Scientific classification
- Kingdom: Animalia
- Phylum: Chordata
- Class: Aves
- Order: Passeriformes
- Family: Nectariniidae
- Genus: Cinnyris
- Species: C. dussumieri
- Binomial name: Cinnyris dussumieri (Hartlaub, 1861)
- Synonyms: Nectarinia dussumieri

= Seychelles sunbird =

- Genus: Cinnyris
- Species: dussumieri
- Authority: (Hartlaub, 1861)
- Conservation status: LC
- Synonyms: Nectarinia dussumieri

Species of bird

The Seychelles sunbird (Cinnyris dussumieri) is a small passerine from the sunbird family. It is named after the French explorer Jean-Jacques Dussumier. It is native to the Seychelles, where it is known as kolibri in Seychellois Creole. This bird is placed in the genus Cinnyris by some authorities and in Nectarinia by others. Although this bird has a limited range, it is described as common and has a stable population, so the International Union for Conservation of Nature has rated its conservation status as being of "least concern".

== Description ==
It can reach a length from eleven to twelve centimetres. The plumage is dull grey. The male exhibits an iridescent violet-green sheen on its head and throat, brown underparts and yellow or orange tufts under its wings, which are more noticeable in flight. The long slender bill is downcurved. The legs are black. The female is an altogether duller-looking bird with pale grey underparts, and lacks the yellow . The song of the males is high pitched, noisy and harsh, interspersed with various rasping calls. The female also sings.

== Distribution ==
The Seychelles sunbird occurs on most of the larger granitic islands of the Seychelles Bank. It belongs to the endemic landbird species of the Seychelles which had adapted to human made environment changes in the best way.
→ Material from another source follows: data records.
lemma unlater_psubst_MuI:
  assumes "unlater (Suc dR) (psubst (up \<sigma>) A) =
      psubst (unlater_subst (Suc dR) (Suc dA) (up \<sigma>)) (unlater (Suc dA) A)"
    and "\<And>u. psubst (subst_var (Suc dR) (shift (Suc dR) 0 (psubst \<sigma> (Mu A))))
          (unlater_subst (Suc dR) (Suc dA) (up \<sigma>) u) =
        psubst (up (unlater_subst dR dA \<sigma>)) (subst_var (Suc dA) (shift (Suc dA) 0 (Mu A)) u)"
  shows "unlater dR (psubst \<sigma> (Mu A)) = psubst (unlater_subst dR dA \<sigma>) (unlater dA (Mu A))"
  using assms by (simp add: subst_eq_psubst psubst_psubst)

lemma unlater_renaming:
  "(\<And>j. dA \<le> j \<Longrightarrow> dR \<le> r j) \<Longrightarrow>
    unlater dR (psubst (\<lambda>i. TVar (r i)) A) =
    psubst (unlater_subst dR dA (\<lambda>i. TVar (r i))) (unlater dA A)"
proof (induction A arbitrary: r dA dR)
  case (TVar j)
  then show ?case using TVar.prems[of j] by (auto simp: unlater_subst_def not_less)
next
  case (Later A)
  show ?case
    by (simp add: psubst_psubst psubst_renaming shift_var_def shift_def unlater_subst_def)
next
  case (Mu A)
  define r' where "r' = (\<lambda>i. case i of 0 \<Rightarrow> 0 | Suc k \<Rightarrow> Suc (r k))"
  have up_r: "up (\<lambda>i. TVar (r i)) = (\<lambda>i. TVar (r' i))"
    by (simp add: up_renaming r'_def)
  let ?\<tau> = "unlater_subst dR dA (\<lambda>i. TVar (r i))"
  let ?M = "psubst (\<lambda>j. TVar (Suc (r j + dR))) (Mu A)"
  show ?case
  proof (rule unlater_psubst_MuI, unfold up_r)
    show "unlater (Suc dR) (psubst (\<lambda>i. TVar (r' i)) A) =
        psubst (unlater_subst (Suc dR) (Suc dA) (\<lambda>i. TVar (r' i))) (unlater (Suc dA) A)"
      using Mu.prems by (intro Mu.IH) (auto simp: r'_def split: nat.splits)
    have shifted_Mu: "shift (Suc dR) 0 (psubst (\<lambda>i. TVar (r i)) (Mu A)) = ?M"
        "psubst (up ?\<tau>) (shift (Suc dA) 0 (Mu A)) = ?M"
      unfolding shift_def psubst_renaming psubst_psubst
      by (rule psubst_cong; simp add: shift_var_def shift_def unlater_subst_def del: psubst_Mu)+
    fix u
    consider "u < Suc dA" | "u = Suc dA" | "Suc dA < u" by linarith
    then show "psubst (subst_var (Suc dR) (shift (Suc dR) 0 (psubst (\<lambda>i. TVar (r i)) (Mu A))))
          (unlater_subst (Suc dR) (Suc dA) (\<lambda>i. TVar (r' i)) u) =
        psubst (up ?\<tau>) (subst_var (Suc dA) (shift (Suc dA) 0 (Mu A)) u)"
    proof cases
      case 1
      then show ?thesis
        by (cases u) (auto simp: r'_def subst_var_def unlater_subst_def)
    next
      case 2
      then show ?thesis
        using shifted_Mu by (simp add: r'_def subst_var_def unlater_subst_def del: psubst_Mu)
    next
      case 3
      then obtain v where "u = Suc (Suc (dA + v))"
        by (metis Suc_lessE add_Suc_right less_imp_Suc_add)
      then show ?thesis
        by (auto simp: r'_def subst_var_def unlater_subst_def shift_def shift_var_def)
    qed
  qed
qed simp_all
Its habitat consists of forests, gardens, scrubs, and mangroves from sea level to altitudes of 900 m.

== Diet ==
When foraging for food, this sunbird is very active, flying to hibiscus and other flowers with undulating flight and feeding of nectar and insects.

== Reproduction ==
Breeding is the entire year but the best time is September and October. One single egg is laid in a pear-shaped nest. It consists of grass and moss and is bound with spiderwebs. To protect the nest from cats and rats it hangs usually at the end of a twig.